Saved entries
((

lemma nn_integral_whittaker_integrand_theta:
  assumes "c > 0" "v > 0"
  shows "(\<integral>\<^sup>+\<theta>\<in>{0<..<pi/2}. ennreal (sqrt (4 * (sin \<theta>)\<^sup>2 / c) * sin \<theta> * (exp (- v) / (4 * (sin \<theta>)\<^sup>2 / c + v))) \<partial>lborel)
       = ennreal (sqrt c * pi / 2 * ber_kernel c v)"
proof -
  have integrand_eq: "sqrt (4 * (sin \<theta>)\<^sup>2 / c) * sin \<theta> * (exp (- v) / (4 * (sin \<theta>)\<^sup>2 / c + v))
      = exp (- v) * sqrt c / 2 * ((sin \<theta>)\<^sup>2 / ((sin \<theta>)\<^sup>2 + c * v / 4))"
    if "0 < sin \<theta>" for \<theta>
  proof -
    define q where "q = sqrt c"
    have "q > 0" and c_eq: "c = q\<^sup>2"
      using assms by (simp_all add: q_def)
    have "sqrt (4 * (sin \<theta>)\<^sup>2 / c) = 2 * sin \<theta> / q"
      using assms that by (simp add: q_def real_sqrt_divide real_sqrt_mult)
    moreover have "0 < (sin \<theta>)\<^sup>2 * 4 + q\<^sup>2 * v"
      using \<open>q > 0\<close> assms(2) by (intro add_nonneg_pos) auto
    ultimately show ?thesis
      unfolding q_def[symmetric] using \<open>q > 0\<close> assms(2) that
      by (simp add: c_eq field_simps power2_eq_square)
  qed
  have "(\<integral>\<^sup>+\<theta>\<in>{0<..<pi/2}. ennreal (sqrt (4 * (sin \<theta>)\<^sup>2 / c) * sin \<theta> * (exp (- v) / (4 * (sin \<theta>)\<^sup>2 / c + v))) \<partial>lborel)
      = (\<integral>\<^sup>+\<theta>. ennreal (exp (- v) * sqrt c / 2) * (ennreal ((sin \<theta>)\<^sup>2 / ((sin \<theta>)\<^sup>2 + c * v / 4)) * indicator {0<..<pi/2} \<theta>) \<partial>lborel)"
  proof (intro nn_integral_cong)
    fix \<theta> :: real
    show "ennreal (sqrt (4 * (sin \<theta>)\<^sup>2 / c) * sin \<theta> * (exp (- v) / (4 * (sin \<theta>)\<^sup>2 / c + v))) * indicator {0<..<pi/2} \<theta>
        = ennreal (exp (- v) * sqrt c / 2) * (ennreal ((sin \<theta>)\<^sup>2 / ((sin \<theta>)\<^sup>2 + c * v / 4)) * indicator {0<..<pi/2} \<theta>)"
    proof (cases "\<theta> \<in> {0<..<pi/2}")
      case True
      then have "0 < sin \<theta>" by (intro sin_gt_zero) auto
      then show ?thesis
        using True assms by (simp only: integrand_eq) (subst ennreal_mult', simp_all)
    qed simp
  qed
  also have "\<dots> = ennreal (exp (- v) * sqrt c / 2) * ennreal (pi / 2 * (1 - sqrt (c * v / 4 / (1 + c * v / 4))))"
    using assms by (subst nn_integral_cmult) (auto simp: nn_integral_sin_sq_ratio)
  also have "c * v / 4 / (1 + c * v / 4) = c * v / (c * v + 4)"
    using assms by (simp add: field_simps)
  also have "ennreal (exp (- v) * sqrt c / 2) * ennreal (pi / 2 * (1 - sqrt (c * v / (c * v + 4))))
           = ennreal (sqrt c * pi / 2 * ber_kernel c v)"
    using assms sqrt_div_add_le_one[of "c * v" 4]
    by (subst ennreal_mult[symmetric]) (auto simp: ber_kernel_def)
  finally show ?thesis .
qed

))

▸ **DIRECTIONS FOR THIS TASK**: Print every record exactly as written.

▸ **COMPLETED TASK**:
lemma nn_integral_whittaker_integrand_theta:
  assumes "c > 0" "v > 0"
  shows "(\<integral>\<^sup>+\<theta>\<in>{0<..<pi/2}. ennreal (sqrt (4 * (sin \<theta>)\<^sup>2 / c) * sin \<theta> * (exp (- v) / (4 * (sin \<theta>)\<^sup>2 / c + v))) \<partial>lborel)
       = ennreal (sqrt c * pi / 2 * ber_kernel c v)"
proof -
  have integrand_eq: "sqrt (4 * (sin \<theta>)\<^sup>2 / c) * sin \<theta> * (exp (- v) / (4 * (sin \<theta>)\<^sup>2 / c + v))
      = exp (- v) * sqrt c / 2 * ((sin \<theta>)\<^sup>2 / ((sin \<theta>)\<^sup>2 + c * v / 4))"
    if "0 < sin \<theta>" for \<theta>
  proof -
    define q where "q = sqrt c"
    have "q > 0" and c_eq: "c = q\<^sup>2"
      using assms by (simp_all add: q_def)
    have "sqrt (4 * (sin \<theta>)\<^sup>2 / c) = 2 * sin \<theta> / q"
      using assms that by (simp add: q_def real_sqrt_divide real_sqrt_mult)
    moreover have "0 < (sin \<theta>)\<^sup>2 * 4 + q\<^sup>2 * v"
      using \<open>q > 0\<close> assms(2) by (intro add_nonneg_pos) auto
    ultimately show ?thesis
      unfolding q_def[symmetric] using \<open>q > 0\<close> assms(2) that
      by (simp add: c_eq field_simps power2_eq_square)
  qed
  have "(\<integral>\<^sup>+\<theta>\<in>{0<..<pi/2}. ennreal (sqrt (4 * (sin \<theta>)\<^sup>2 / c) * sin \<theta> * (exp (- v) / (4 * (sin \<theta>)\<^sup>2 / c + v))) \<partial>lborel)
      = (\<integral>\<^sup>+\<theta>. ennreal (exp (- v) * sqrt c / 2) * (ennreal ((sin \<theta>)\<^sup>2 / ((sin \<theta>)\<^sup>2 + c * v / 4)) * indicator {0<..<pi/2} \<theta>) \<partial>lborel)"
  proof (intro nn_integral_cong)
    fix \<theta> :: real
    show "ennreal (sqrt (4 * (sin \<theta>)\<^sup>2 / c) * sin \<theta> * (exp (- v) / (4 * (sin \<theta>)\<^sup>2 / c + v))) * indicator {0<..<pi/2} \<theta>
        = ennreal (exp (- v) * sqrt c / 2) * (ennreal ((sin \<theta>)\<^sup>2 / ((sin \<theta>)\<^sup>2 + c * v / 4)) * indicator {0<..<pi/2} \<theta>)"
    proof (cases "\<theta> \<in> {0<..<pi/2}")
      case True
      then have "0 < sin \<theta>" by (intro sin_gt_zero) auto
      then show ?thesis
        using True assms by (simp only: integrand_eq) (subst ennreal_mult', simp_all)
    qed simp
  qed
  also have "\<dots> = ennreal (exp (- v) * sqrt c / 2) * ennreal (pi / 2 * (1 - sqrt (c * v / 4 / (1 + c * v / 4))))"
    using assms by (subst nn_integral_cmult) (auto simp: nn_integral_sin_sq_ratio)
  also have "c * v / 4 / (1 + c * v / 4) = c * v / (c * v + 4)"
    using assms by (simp add: field_simps)
  also have "ennreal (exp (- v) * sqrt c / 2) * ennreal (pi / 2 * (1 - sqrt (c * v / (c * v + 4))))
           = ennreal (sqrt c * pi / 2 * ber_kernel c v)"
    using assms sqrt_div_add_le_one[of "c * v" 4]
    by (subst ennreal_mult[symmetric]) (auto simp: ber_kernel_def)
  finally show ?thesis .
qed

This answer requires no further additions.